- [EXCERPTED RECORDS]
lemma distr_lin:
  "distr M borel (\<lambda>w. a * XM0 w + b * XS0 w + c * XSt w + d * XSt1 w) = normal_measure 0 (lin_var a b c d)"
proof (rule finite_measure_eqI_char)
  show "finite_measure (distr M borel (\<lambda>w. a * XM0 w + b * XS0 w + c * XSt w + d * XSt1 w))"
    "finite_measure (normal_measure 0 (lin_var a b c d))"
    by (simp_all add: prob_space_distr prob_space_normal_measure lin_var_nonneg prob_space.axioms(1))
  fix t
  define L where "L w = a * XM0 w + b * XS0 w + c * XSt w + d * XSt1 w" for w
  have [measurable]: "L \<in> borel_measurable M"
    unfolding L_def by measurable
  have "lin_var (t * a) (t * b) (t * c) (t * d) = t\<^sup>2 * lin_var a b c d"
    by (simp add: lin_var_def power2_eq_square algebra_simps)
  moreover have "(\<integral>w. iexp (t * L w) \<partial>M) = exp (- lin_var (t * a) (t * b) (t * c) (t * d) / 2)"
    by (rule char_lin_cong) (simp add: L_def algebra_simps)
  ultimately have "(\<integral>x. iexp (t * x) \<partial>distr M borel L) = exp (- t\<^sup>2 * lin_var a b c d / 2)"
    using integral_distr[of L M borel "\<lambda>x. iexp (t * x)"] by simp
  also have "\<dots> = (\<integral>x. iexp (0 + t * x) \<partial>normal_measure 0 (lin_var a b c d))"
    by (subst integral_iexp_normal_measure) (simp_all add: lin_var_nonneg)
  finally show "(\<integral>x. iexp (t * x) \<partial>distr M borel (\<lambda>w. a * XM0 w + b * XS0 w + c * XSt w + d * XSt1 w)) =
      (\<integral>x. iexp (t * x) \<partial>normal_measure 0 (lin_var a b c d))"
    by (simp add: L_def[abs_def])
qed simp_all

text \<open>The two brackets are the covariances of the residual \<open>XSt - a XSt1 - b XM0\<close> with \<open>XM0\<close>
  and with \<open>XSt1\<close>.\<close>

lemma char_factor_uncorrelated:
  assumes f: "\<And>w. f w = v * XM0 w + u * XSt1 w"
    and g: "\<And>w. g w = XSt w - a * XSt1 w - b * XM0 w"
    and uncorrelated:
      "v * (sqrt alpha * rho - b - a * (sqrt alpha * rho) * sqrt (1 - beta)) = 0"
      "u * (sqrt (1 - beta) - a - b * (sqrt alpha * rho) * sqrt (1 - beta)) = 0"
  shows "(\<integral>w. iexp (f w) * iexp (t * g w) \<partial>M) = (\<integral>w. iexp (f w) \<partial>M) * (\<integral>w. iexp (t * g w) \<partial>M)"
proof -
  have split: "lin_var (v - t * b) 0 t (u - t * a) = lin_var v 0 0 u + lin_var (- (t * b)) 0 t (- (t * a)) +
      2 * t * (v * (sqrt alpha * rho - b - a * (sqrt alpha * rho) * sqrt (1 - beta)) +
               u * (sqrt (1 - beta) - a - b * (sqrt alpha * rho) * sqrt (1 - beta)))"
    by (simp add: lin_var_def power2_eq_square algebra_simps)
  have "(\<integral>w. iexp (f w) * iexp (t * g w) \<partial>M) = exp (- lin_var (v - t * b) 0 t (u - t * a) / 2)"
    by (simp only: exp_add[symmetric] distrib_left[symmetric] of_real_add[symmetric])
      (rule char_lin_cong, simp add: f g algebra_simps)
  also have "\<dots> = exp (- lin_var v 0 0 u / 2) * exp (- lin_var (- (t * b)) 0 t (- (t * a)) / 2)"
    by (simp only: split uncorrelated) (simp add: add_divide_distrib flip: exp_add of_real_mult)
  also have "\<dots> = (\<integral>w. iexp (f w) \<partial>M) * (\<integral>w. iexp (t * g w) \<partial>M)"
  proof -
    have "(\<integral>w. iexp (f w) \<partial>M) = exp (- lin_var v 0 0 u / 2)"
      by (rule char_lin_cong) (simp add: f)
    moreover have "(\<integral>w. iexp (t * g w) \<partial>M) = exp (- lin_var (- (t * b)) 0 t (- (t * a)) / 2)"
      by (rule char_lin_cong) (simp add: g algebra_simps)
    ultimately show ?thesis
      by simp
  qed
  finally show ?thesis .
qed

lemma cond_var_eq_residual_variance:
  fixes W :: "'a \<Rightarrow> 'b::topological_space"
  assumes [measurable]: "W \<in> borel_measurable M" "g \<in> borel_measurable borel"
    and g: "\<And>w. g (W w) = a * XSt1 w + b * XM0 w"
    and indep: "distr M (borel \<Otimes>\<^sub>M borel) (\<lambda>w. (W w, XSt w - a * XSt1 w - b * XM0 w)) =
      distr M borel W \<Otimes>\<^sub>M distr M borel (\<lambda>w. XSt w - a * XSt1 w - b * XM0 w)"
  shows "AE w in M. cond_var M (sigma_rv M W) XSt w = lin_var (- b) 0 1 (- a)"
proof -
  define R where "R = (\<lambda>w. XSt w - a * XSt1 w - b * XM0 w)"
  have [measurable]: "R \<in> borel_measurable M"
    unfolding R_def by measurable
  have "distr M borel R = normal_measure 0 (lin_var (- b) 0 1 (- a))"
    using distr_lin[of "- b" 0 1 "- a"] by (simp add: R_def algebra_simps)
  note R_moments = normal_law_moments[OF \<open>R \<in> borel_measurable M\<close> this lin_var_nonneg]
  have "integrable M XSt"
    using normal_law_moments(1)[OF _ distr_lin[of 0 0 1 0] lin_var_nonneg] by simp
  then have "AE w in M. cond_var M (sigma_rv M W) XSt w = variance R"
    using indep R_moments(1,2) by (intro cond_var_add_indep_law[where g = g]) (simp_all add: R_def g)
  moreover have "variance R = lin_var (- b) 0 1 (- a)"
    using R_moments(3,4) by simp
  ultimately show ?thesis
    by simp
qed

lemma cond_var_given_XSt1: "AE w in M. cond_var M (sigma_rv M XSt1) XSt w = beta"
proof -
  define s where "s = sqrt (1 - beta)"
  have "distr M (borel \<Otimes>\<^sub>M borel) (\<lambda>w. (XSt1 w, XSt w - s * XSt1 w - 0 * XM0 w)) =
      distr M borel XSt1 \<Otimes>\<^sub>M distr M borel (\<lambda>w. XSt w - s * XSt1 w - 0 * XM0 w)"
  proof (rule distr_pair_eq_pair_measure_if_char_factors[OF determining_family_iexp])
    show "(\<integral>w. iexp (u * XSt1 w) * iexp (t * (XSt w - s * XSt1 w - 0 * XM0 w)) \<partial>M) =
        (\<integral>w. iexp (u * XSt1 w) \<partial>M) * (\<integral>w. iexp (t * (XSt w - s * XSt1 w - 0 * XM0 w)) \<partial>M)" for u t
      by (rule char_factor_uncorrelated[where v = 0 and u = u and a = s and b = 0]) (simp_all add: s_def)
  qed measurable
  then have "AE w in M. cond_var M (sigma_rv M XSt1) XSt w = lin_var (- 0) 0 1 (- s)"
    by (intro cond_var_eq_residual_variance[where g = "\<lambda>y. s * y"]) simp_all
  moreover have "lin_var (- 0) 0 1 (- s) = beta"
    using beta by (simp add: lin_var_def s_def power2_eq_square)
  ultimately show ?thesis
    by simp
qed

lemma distr_XSt1_XM0_residual_eq_pair_measure:
  assumes "sqrt alpha * rho - b - a * (sqrt alpha * rho) * sqrt (1 - beta) = 0"
    and "sqrt (1 - beta) - a - b * (sqrt alpha * rho) * sqrt (1 - beta) = 0"
  shows "distr M (borel \<Otimes>\<^sub>M borel) (\<lambda>w. ((XSt1 w, XM0 w), XSt w - a * XSt1 w - b * XM0 w)) =
    distr M borel (\<lambda>w. (XSt1 w, XM0 w)) \<Otimes>\<^sub>M distr M borel (\<lambda>w. XSt w - a * XSt1 w - b * XM0 w)"
proof (rule distr_pair_eq_pair_measure_if_char_factors[OF
      determining_family_pair[OF determining_family_iexp, unfolded borel_prod]])
  fix p :: "real \<times> real" and t :: real
  obtain u v where p: "p = (u, v)"
    by fastforce
  have "(case p of (i, t) \<Rightarrow> \<lambda>(x, y). iexp (i * x) * iexp (t * y)) (XSt1 w, XM0 w) =
      iexp (v * XM0 w + u * XSt1 w)" for w
    by (simp add: p algebra_simps flip: exp_add)
  moreover have "(\<integral>w. iexp (v * XM0 w + u * XSt1 w) * iexp (t * (XSt w - a * XSt1 w - b * XM0 w)) \<partial>M) =
      (\<integral>w. iexp (v * XM0 w + u * XSt1 w) \<partial>M) * (\<integral>w. iexp (t * (XSt w - a * XSt1 w - b * XM0 w)) \<partial>M)"
  proof (rule char_factor_uncorrelated)
    show "v * (sqrt alpha * rho - b - a * (sqrt alpha * rho) * sqrt (1 - beta)) = 0"
      "u * (sqrt (1 - beta) - a - b * (sqrt alpha * rho) * sqrt (1 - beta)) = 0"
      by (simp_all only: assms mult_zero_right)
  qed simp_all
  ultimately show "(\<integral>w. (case p of (i, t) \<Rightarrow> \<lambda>(x, y). iexp (i * x) * iexp (t * y)) (XSt1 w, XM0 w) *
        iexp (t * (XSt w - a * XSt1 w - b * XM0 w)) \<partial>M) =
      (\<integral>w. (case p of (i, t) \<Rightarrow> \<lambda>(x, y). iexp (i * x) * iexp (t * y)) (XSt1 w, XM0 w) \<partial>M) *
      (\<integral>w. iexp (t * (XSt w - a * XSt1 w - b * XM0 w)) \<partial>M)"
    by simp
qed (unfold borel_prod[symmetric], measurable)

lemma cond_var_given_XSt1_XM0_le:
  "AE w in M. cond_var M (sigma_rv M (\<lambda>w. (XSt1 w, XM0 w))) XSt w \<le> beta * (1 - beta * rho\<^sup>2 * alpha)"
proof -
  define s k where "s = sqrt (1 - beta)" and "k = sqrt alpha * rho"
  have s2: "s\<^sup>2 = 1 - beta" and k2: "k\<^sup>2 = alpha * rho\<^sup>2"
    using alpha beta by (simp_all add: s_def k_def power_mult_distrib)
  have "rho\<^sup>2 \<le> 1"
    using abs_rho_le_1 by (simp add: abs_square_le_1)
  then have "k\<^sup>2 < 1"
    using alpha by (simp add: k2) (smt (verit) mult_left_le)
  define a b where "a = s * (1 - k\<^sup>2) / (1 - s\<^sup>2 * k\<^sup>2)" and "b = k * beta / (1 - s\<^sup>2 * k\<^sup>2)"
  note regression = regression_residual_variance_le[OF s2 beta(1) \<open>k\<^sup>2 < 1\<close>, folded a_def b_def]
  have "(\<lambda>p. a * fst p + b * snd p) \<in> borel_measurable (borel :: (real \<times> real) measure)"
    unfolding borel_prod[symmetric] by measurable
  moreover have "distr M (borel \<Otimes>\<^sub>M borel) (\<lambda>w. ((XSt1 w, XM0 w), XSt w - a * XSt1 w - b * XM0 w)) =
      distr M borel (\<lambda>w. (XSt1 w, XM0 w)) \<Otimes>\<^sub>M distr M borel (\<lambda>w. XSt w - a * XSt1 w - b * XM0 w)"
    using regression(1,2) by (intro distr_XSt1_XM0_residual_eq_pair_measure) (simp_all only: s_def k_def)
  ultimately have cond_var_eq:
    "AE w in M. cond_var M (sigma_rv M (\<lambda>w. (XSt1 w, XM0 w))) XSt w = lin_var (- b) 0 1 (- a)"
    by (intro cond_var_eq_residual_variance) (simp_all, unfold borel_prod[symmetric], measurable)
  have "lin_var (- b) 0 1 (- a) = 1 + a\<^sup>2 + b\<^sup>2 + 2 * (k * s * a * b - k * b - s * a)"
    by (simp add: lin_var_def s_def k_def power2_eq_square algebra_simps)
  also have "\<dots> \<le> beta * (1 - beta * k\<^sup>2)"
    by (rule regression(3))
  also have "\<dots> = beta * (1 - beta * rho\<^sup>2 * alpha)"
    by (simp add: k2 mult_ac)
  finally show ?thesis
    using cond_var_eq by (auto elim: eventually_mono)
qed

end

theorem lemma2:
  fixes M :: "'a measure"
    and XM0 XS0 XSt XSt1 :: "'a \<Rightarrow> real"
    and rho alpha beta :: real
  assumes "prob_space M"
    and "std_bivariate_normal M XM0 XS0 rho"
    and "XSt \<in> borel_measurable M" and "XSt1 \<in> borel_measurable M"
    and "0 < alpha" and "alpha < 1" and "0 < beta" and "beta < 1"
    and "distr M borel (\<lambda>w. (XM0 w, XS0 w, XSt w, XSt1 w)) =
         distr M borel (\<lambda>w. (XM0 w, XS0 w)) \<bind>
           (\<lambda>(m, s). normal_measure (sqrt alpha * s) (1 - alpha) \<bind>
             (\<lambda>x. normal_measure (sqrt (1 - beta) * x) beta \<bind>
               (\<lambda>y. return borel (m, s, x, y))))"
  shows "(AE w in M. cond_var M (sigma_rv M XSt1) XSt w = beta) \<and>
         (AE w in M. cond_var M (sigma_rv M (\<lambda>w. (XSt1 w, XM0 w))) XSt w
                       \<le> beta * (1 - beta * rho\<^sup>2 * alpha))"
proof -
  interpret noised_bivariate_normal M XM0 XS0 XSt XSt1 rho alpha beta
    using assms by (intro noised_bivariate_normal.intro noised_bivariate_normal_axioms.intro)
  show ?thesis
    using cond_var_given_XSt1 cond_var_given_XSt1_XM0_le by simp
qed

end
(* Set $L = (N -1)(r-1) + 1$. The following formula holds in $E_{n,m}(L)$: \begin{equation*} \sum_{0 \le k_1 \le L}\cdots \sum_{0 \le k_m \le L}(-1)^{k_1 + \cdots + k_m} \begin{bmatrix} L \\ k_1 \end{bmatrix} \cdots \begin{bmatrix} L \\ k_m \end{bmatrix}(\mathbf{k}, \mathbf 0, \cdots, \mathbf 0, \mathbf{k}') = 0, \end{equation*} where $\mathbf{k} = {}^t(k_1, \dots, k_m)$ and $\mathbf{k}' = {}^t(L - k_1, \dots, L - k_m)$ are column vectors, so $(\mathbf{k}, \mathbf 0, \dots, \mathbf 0, \mathbf{k}')$ is the $m \times n$ matrix with first column $\mathbf{k}$, last column $\mathbf{k}'$ and all other columns zero.
   Context: Let $q$ be an indeterminate, $[n] = \frac{q^n - q^{-n}}{q - q^{-1}}$, $\begin{bmatrix} n \\ m\end{bmatrix} = \frac{[n][n-1]\cdots[n-m+1]}{[m]^!}$ ($m\ge1$), $\begin{bmatrix} n \\ 0\end{bmatrix}=1$. Fix integers $r \ge 2$, $m \ge 1$, $n \ge 2$ and $N \le n$, and for each $i \in [1,m]$ a subset $A_i \subset [1, n-1]$ with $|A_i| = N-1$. Let $V_{n,m}$ be the $\mathbb{Q}(q)$-vector space spanned by matrices $\mathbf{a} = (a^{(k)}_i) \in M(m,n)$ with entries in $\mathbb{N}$ (rows $i \in [1,m]$, columns $k \in [1,n]$), subject to the relations: for each entry $a^{(k)}_i$ with $k \le n-1$, $\mathbf{a} = \sum_{1 \le t \le r}(-1)^{t-1}\begin{bmatrix} r \\ t\end{bmatrix}\mathbf{a}(t)$ if $k \in A_i$ and $a^{(k)}_i \ge r$, and $\mathbf{a} = \mathbf{a}(1)$ if $k \notin A_i$ and $a^{(k)}_i \ge 1$; here $\mathbf{a}(t)$ is obtained from $\mathbf{a}$ by replacing the $i$-th row by $(a^{(1)}_i, \dots, a^{(k-1)}_i, a^{(k)}_i - t, a^{(k+1)}_i + t, a^{(k+2)}_i, \dots, a^{(n)}_i)$ and keeping the other rows. For $L' \ge 1$, $E_{n,m}(L')$ is the subspace of $V_{n,m}$ spanned by the matrices $\mathbf{a}$ with $\sum_{k=1}^n a^{(k)}_i = L'$ for every $i$ and $a^{(k)}_i \in [0, r-1]$ for $1 \le k < n$. *)

theory Defs
  imports "HOL-Computational_Algebra.Polynomial" "HOL-Computational_Algebra.Fraction_Field" "HOL-Library.Function_Algebras" "HOL-Library.FuncSet"
begin

type_synonym qfield = "rat poly fract"

definition qvar :: qfield where
  "qvar = Fract [:0, 1:] 1"

definition qint :: "int \<Rightarrow> qfield" where
  "qint n = (qvar powi n - qvar powi (- n)) / (qvar - inverse qvar)"

definition qfact :: "nat \<Rightarrow> qfield" where
  "qfact m = (\<Prod>j = 1..m. qint (int j))"

definition qbinom :: "int \<Rightarrow> nat \<Rightarrow> qfield" where
  "qbinom n m = (if m = 0 then 1 else (\<Prod>j<m. qint (n - int j)) / qfact m)"

text \<open>Matrices a = (a_i^(k)) are functions  i \<mapsto> k \<mapsto> a_i^(k); rows 1..m, columns 1..n;
  entries outside this range are required to be 0.\<close>
type_synonym mat = "nat \<Rightarrow> nat \<Rightarrow> nat"

definition valid_mat :: "nat \<Rightarrow> nat \<Rightarrow> mat \<Rightarrow> bool" where
  "valid_mat m n a \<longleftrightarrow> (\<forall>i k. (i \<notin> {1..m} \<or> k \<notin> {1..n}) \<longrightarrow> a i k = 0)"

type_synonym comb = "mat \<Rightarrow> qfield"

definition basis_vec :: "mat \<Rightarrow> comb" where
  "basis_vec a = (\<lambda>b. if b = a then 1 else 0)"

definition scale_comb :: "qfield \<Rightarrow> comb \<Rightarrow> comb" where
  "scale_comb c f = (\<lambda>b. c * f b)"

definition shift_mat :: "mat \<Rightarrow> nat \<Rightarrow> nat \<Rightarrow> nat \<Rightarrow> mat" where
  "shift_mat a i k t = a(i := (a i)(k := a i k - t, Suc k := a i (Suc k) + t))"

inductive_set rel_space :: "nat \<Rightarrow> nat \<Rightarrow> nat \<Rightarrow> (nat \<Rightarrow> nat set) \<Rightarrow> comb set"
  for r m n A where
  zero: "(\<lambda>_. 0) \<in> rel_space r m n A"
| gen_A: "\<lbrakk>valid_mat m n a; i \<in> {1..m}; k \<in> {1..n-1}; k \<in> A i; a i k \<ge> r\<rbrakk> \<Longrightarrow>
     basis_vec a - (\<Sum>t = 1..r. scale_comb ((-1) ^ (t - 1) * qbinom (int r) t)
                                   (basis_vec (shift_mat a i k t))) \<in> rel_space r m n A"
| gen_notA: "\<lbrakk>valid_mat m n a; i \<in> {1..m}; k \<in> {1..n-1}; k \<notin> A i; a i k \<ge> 1\<rbrakk> \<Longrightarrow>
     basis_vec a - basis_vec (shift_mat a i k 1) \<in> rel_space r m n A"
| add: "\<lbrakk>f \<in> rel_space r m n A; g \<in> rel_space r m n A\<rbrakk> \<Longrightarrow> f + g \<in> rel_space r m n A"
| scale: "f \<in> rel_space r m n A \<Longrightarrow> scale_comb c f \<in> rel_space r m n A"

text \<open>Equality to zero in V_{n,m} = formal combinations modulo rel_space.\<close>
definition zero_in_V :: "nat \<Rightarrow> nat \<Rightarrow> nat \<Rightarrow> (nat \<Rightarrow> nat set) \<Rightarrow> comb \<Rightarrow> bool" where
  "zero_in_V r m n A f \<longleftrightarrow> f \<in> rel_space r m n A"

definition edge_mat :: "nat \<Rightarrow> nat \<Rightarrow> nat \<Rightarrow> (nat \<Rightarrow> nat) \<Rightarrow> mat" where
  "edge_mat m n L kk = (\<lambda>i j. if i \<in> {1..m} then
       (if j = 1 then kk i else if j = n then L - kk i else 0) else 0)"

end

theory Submission
  imports Defs "HOL-Library.Poly_Mapping"
begin

text \<open>Read V_{n,m} as a quotient of the polynomial ring Q(q)[x_i^(k)], a monomial standing for
  its exponent matrix and monomials outside the m \<times> n range being sent to 0; the kernel is an
  ideal because the defining relations are stable under adding a matrix. Let P_t(x, y) be the
  q-analogue \<Sum>_s (-1)^s [t, s] x^(t-s) y^s of (x - y)^t. The relations of row i say that
  P_r(x_i^(k), x_i^(k+1)) lies in the kernel for k \<in> A_i and x_i^(k) - x_i^(k+1) does for
  k \<notin> A_i. If P_(s+1)(x, y) and P_(u+1)(y, z) lie in an ideal, so does P_(s+u+1)(x, z);
  chaining along row i therefore puts P_L(x_i^(1), x_i^(n)) with L = (N - 1)(r - 1) + 1 into the
  kernel. The sum in the theorem is the expansion of the product over all rows of
  P_L(x_i^(n), x_i^(1)), so it vanishes in V.\<close>

section \<open>Gaussian binomial coefficients\<close>

lemma qvar_power: "qvar ^ j = Fract ([:0, 1:] ^ j) 1"
  by (induct j) (auto simp: qvar_def One_fract_def)

lemma qvar_nonzero: "qvar \<noteq> 0"
  by (simp add: qvar_def Zero_fract_def eq_fract)

lemma qvar_power_eq_1_iff: "qvar ^ k = 1 \<longleftrightarrow> k = 0"
proof
  assume "qvar ^ k = 1"
  then have "([:0, 1:] :: rat poly) ^ k = 1"
    by (simp add: qvar_power One_fract_def eq_fract)
  then have "degree (([:0, 1:] :: rat poly) ^ k) = 0"
    by simp
  then show "k = 0"
    by (simp add: degree_power_eq)
qed simp

lemma qvar_power_neq_inverse_power: "k \<ge> 1 \<Longrightarrow> qvar ^ k \<noteq> inverse qvar ^ k"
  using qvar_power_eq_1_iff[of "2 * k"] qvar_nonzero
  by (auto simp: power_mult power_inverse field_simps power2_eq_square)

lemma qint_of_nat: "qint (int n) = (qvar ^ n - inverse qvar ^ n) / (qvar - inverse qvar)"
  by (simp add: qint_def power_int_minus power_inverse)

lemma qint_0: "qint 0 = 0"
  by (simp add: qint_def)

lemma qint_1: "qint 1 = 1"
  using qint_of_nat[of 1] qvar_power_neq_inverse_power[of 1] by simp

lemma qint_nonzero: "n \<ge> 1 \<Longrightarrow> qint (int n) \<noteq> 0"
  using qvar_power_neq_inverse_power[of n] qvar_power_neq_inverse_power[of 1]
  by (simp add: qint_of_nat)

lemma qint_add: "qint (int (a + t)) = inverse qvar ^ t * qint (int a) + qvar ^ a * qint (int t)"
proof -
  have "qvar ^ (a + t) - inverse qvar ^ (a + t)
      = inverse qvar ^ t * (qvar ^ a - inverse qvar ^ a) + qvar ^ a * (qvar ^ t - inverse qvar ^ t)"
    by (simp add: power_add algebra_simps)
  then show ?thesis
    unfolding qint_of_nat by (simp add: add_divide_distrib)
qed

lemma qfact_Suc: "qfact (Suc k) = qfact k * qint (int (Suc k))"
  by (simp add: qfact_def)

lemma qfact_nonzero: "qfact k \<noteq> 0"
  by (simp add: qfact_def qint_nonzero del: of_nat_Suc)

definition qfalling :: "nat \<Rightarrow> nat \<Rightarrow> qfield" where
  "qfalling n t = (\<Prod>j<t. qint (int n - int j))"

lemma qbinom_eq_qfalling: "qbinom (int n) t = qfalling n t / qfact t"
  by (simp add: qbinom_def qfalling_def qfact_def)

lemma qfalling_Suc: "qfalling n (Suc t) = qfalling n t * qint (int n - int t)"
  by (simp add: qfalling_def)

lemma qfalling_Suc_Suc: "qfalling (Suc n) (Suc t) = qint (int (Suc n)) * qfalling n t"
  unfolding qfalling_def by (subst prod.lessThan_Suc_shift) simp

lemma qfalling_mult_qfact: "t \<le> n \<Longrightarrow> qfalling n t * qfact (n - t) = qfact n"
proof (induct t)
  case 0
  then show ?case by (simp add: qfalling_def)
next
  case (Suc t)
  have "qfact (n - t) = qfact (n - Suc t) * qint (int n - int t)"
    using Suc.prems qfact_Suc[of "n - Suc t"] by (simp add: Suc_diff_Suc of_nat_diff)
  with Suc show ?case
    by (simp add: qfalling_Suc ac_simps)
qed

lemma qbinom_0 [simp]: "qbinom n 0 = 1"
  by (simp add: qbinom_def)

lemma qbinom_eq_0: "t > n \<Longrightarrow> qbinom (int n) t = 0"
  unfolding qbinom_eq_qfalling qfalling_def
  by (subst prod_zero) (auto intro!: bexI[of _ n] simp: qint_0)

lemma qbinom_eq_qfact: "t \<le> n \<Longrightarrow> qbinom (int n) t = qfact n / (qfact t * qfact (n - t))"
  using qfalling_mult_qfact[of t n] qfact_nonzero
  by (simp add: qbinom_eq_qfalling field_simps)

lemma qbinom_symmetric: "t \<le> n \<Longrightarrow> qbinom (int n) (n - t) = qbinom (int n) t"
  by (simp add: qbinom_eq_qfact mult.commute)

lemma qbinom_Suc:
  assumes "1 \<le> t" "t \<le> Suc n"
  shows "qbinom (int (Suc n)) t
    = inverse qvar ^ t * qbinom (int n) t + qvar ^ (Suc n - t) * qbinom (int n) (t - 1)"
proof -
  obtain s where t: "t = Suc s"
    using assms by (cases t) auto
  have "qint (int (Suc n)) = qint (int ((Suc n - t) + t))"
    using assms by simp
  also have "\<dots> = inverse qvar ^ t * qint (int (Suc n - t)) + qvar ^ (Suc n - t) * qint (int t)"
    by (rule qint_add)
  finally have split: "qint (int (Suc n)) = \<dots>" .
  have shift: "int n - int s = int (Suc n - t)"
    using assms t by simp
  have "qbinom (int (Suc n)) t = qint (int (Suc n)) * qfalling n s / qfact t"
    by (simp add: qbinom_eq_qfalling t qfalling_Suc_Suc del: of_nat_Suc)
  also have "\<dots> = inverse qvar ^ t * (qfalling n s * qint (int (Suc n - t))) / qfact t
       + qvar ^ (Suc n - t) * qfalling n s / qfact s"
    using qfact_nonzero[of s] qint_nonzero[of t] assms
    by (simp add: split t qfact_Suc field_simps del: of_nat_Suc)
  also have "\<dots> = inverse qvar ^ t * qbinom (int n) t + qvar ^ (Suc n - t) * qbinom (int n) (t - 1)"
    by (simp add: qbinom_eq_qfalling t qfalling_Suc shift)
  finally show ?thesis .
qed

- [INSTRUCTIONS TO FOLLOW] Look for the word "longleftrightarrow" in the listing above, and copy every line where you find it.

- [EXERCISE RESULT]
  "valid_mat m n a \<longleftrightarrow> (\<forall>i k. (i \<notin> {1..m} \<or> k \<notin> {1..n}) \<longrightarrow> a i k = 0)"
  "zero_in_V r m n A f \<longleftrightarrow> f \<in> rel_space r m n A"
lemma qvar_power_eq_1_iff: "qvar ^ k = 1 \<longleftrightarrow> k = 0"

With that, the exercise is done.